Essentially, the Whole-of-Government approach is a re-branded and expanded version of Pentagon’s doctrine of “Full-Spectrum Dominance.” Coincidentally, that strategy was featured in the Clinton Administration’s final Annual Report to the President and Congress in 2001. It defined “Full-Spectrum Dominance” as “an ability to conduct prompt, sustained, and synchronized operations with forces tailored to specific situations and possessing freedom to operate in all domains—space, sea, land, air, and information.”

In 2001, Full-Spectrum Dominance referred specifically to 20th Century notions of battlefield-style conflicts. But the “dark side” of the War on Terror stretched the idea of the battlefield well-beyond symmetrical military engagements. “Irregular warfare” became the catchphrase du jour, particularly as grinding campaigns in Afghanistan and Iraq exposed the reality that the full spectrum still wasn’t enough.

An assessment by the Congressional Research Service identified the primary impetus for the Whole-of-Government “reforms” embraced by Team Obama as the “perceived deficiencies of previous inter-agency missions” during the military campaigns in Afghanistan and Iraq. Those missions failed to address a myriad of problems created—culturally, economically and politically—by the wholesale bombing and occupation of those countries. The Full-Spectrum was half-baked. Lesson learned.

But the lesson wasn’t that the U.S. should avoid intervention, regime change or unleashing nascent civil, ethnic or religious conflicts. Instead, the lesson was that the “Whole-of-Government” must be marshaled to fight a worldwide array of Overseas Contingency Operations in “more than 100 countries.”

This Whole-of-Government shift signaled a renewed willingness to engage on variety of new fronts—particularly in Africa—but in a “fast and flexible” way. With other agencies—like the State Department—integrated and, in effect, fronting the counter-terrorism campaign, the military footprint becomes smaller and, therefore, easier to manage locally, domestically and internationally.

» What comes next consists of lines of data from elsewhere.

lemma exists_compl: assumes A: "subspace A" "A \<subseteq> W" shows "\<exists>C. is_compl scale W A C"
proof -
  obtain BA where BA: "BA \<subseteq> A" "independent BA" "A \<subseteq> span BA" "card BA = dim A"
    using basis_exists by blast
  obtain E where E: "BA \<subseteq> E" "E \<subseteq> W" "independent E" "W \<subseteq> span E"
    using maximal_independent_subset_extend[of BA W] BA A by blast
  define C where "C = span (E - BA)"
  have C: "subspace C" "C \<subseteq> W"
    unfolding C_def using span_minimal[OF _ subspace_W, of "E - BA"] E by auto
  have span_AC: "span (A \<union> C) = W"
  proof
    show "span (A \<union> C) \<subseteq> W" using span_minimal[OF _ subspace_W] A C by blast
    have "E \<subseteq> A \<union> C" using BA(1) span_superset[of "E - BA"] unfolding C_def by blast
    then show "W \<subseteq> span (A \<union> C)" using E(4) span_mono by blast
  qed
  have "finite E" using independent_subset_finite E by blast
  then have "card E = card BA + card (E - BA)"
    using E(1) card_Diff_subset[of BA E] card_mono[of E BA] finite_subset[of BA E] by simp
  moreover have "dim (A \<union> C) = card E"
    using span_AC basis_card_eq_dim[OF E(2) E(4) E(3)] by (metis dim_span)
  moreover have "dim C = card (E - BA)"
    unfolding C_def dim_span using dim_eq_card_independent independent_mono[OF E(3)] by blast
  ultimately have "dim (A \<inter> C) = 0" using dim_Un_add_dim_Int[OF A C] BA(4) by simp
  then have "A \<inter> C = {0}"
    using dim_eq_0_iff[of "A \<inter> C"] A(2) subspace_0[OF A(1)] subspace_0[OF C(1)] by blast
  then show ?thesis unfolding is_compl_def using C span_AC by blast
qed

lemma is_compl_cmpl: assumes "subspace A" "A \<subseteq> W" shows "is_compl scale W A (cmpl scale W A)"
  unfolding cmpl_def using exists_compl[OF assms] by (rule someI_ex)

In some ways, the Whole-of-Government national security strategy is plausible deniability writ-large through the cover of interagency integration. By merging harder-to-justify military and covert actions into a larger, civilian-themed command structure, the impact of the national security policy overseas is hidden—or at least obfuscated—by the diplomatic “stabilization” efforts run through the State Department—whether it’s the Conflict Bureau working against Joseph Kony’s Lord’s Resistance Army in Central Africa, “stabilizing” post-Gaddafi Libya or spending $27 million to organize the opposition to Bashar al-Assad’s Syrian regime.

The Pass Key

The cover of diplomacy has traditionally been an effective way to slip covert operators into countries and the State Department’s vast network of embassies and consulates still offers an unparalleled “pass-key” into sovereign nations, emerging hot spots and potential targets for regime change. In 2001, the Annual Report to the President and Congress foresaw the need for more access: “Given the global nature of our interests and obligations, the United States must maintain the ability to rapidly project power worldwide in order to achieve full-spectrum dominance.”

Having the way “pre-paved” is, based on Hillary’s doctrinal shift at State, a key part of the new, fuller-spectrum, Whole-of-Government, mission-integrated version of diplomacy. At the SOFIC’s Special Operations Gala Dinner in 2012, Hillary celebrated the integration of diplomatic personnel and Special Operations military units at the State Department’s recently created Center for Strategic Counterterrorism Communications—a “nerve center in Washington” that coordinates “military and civilian teams around the world” and serves “as a force multiplier for our embassies’ communications efforts.”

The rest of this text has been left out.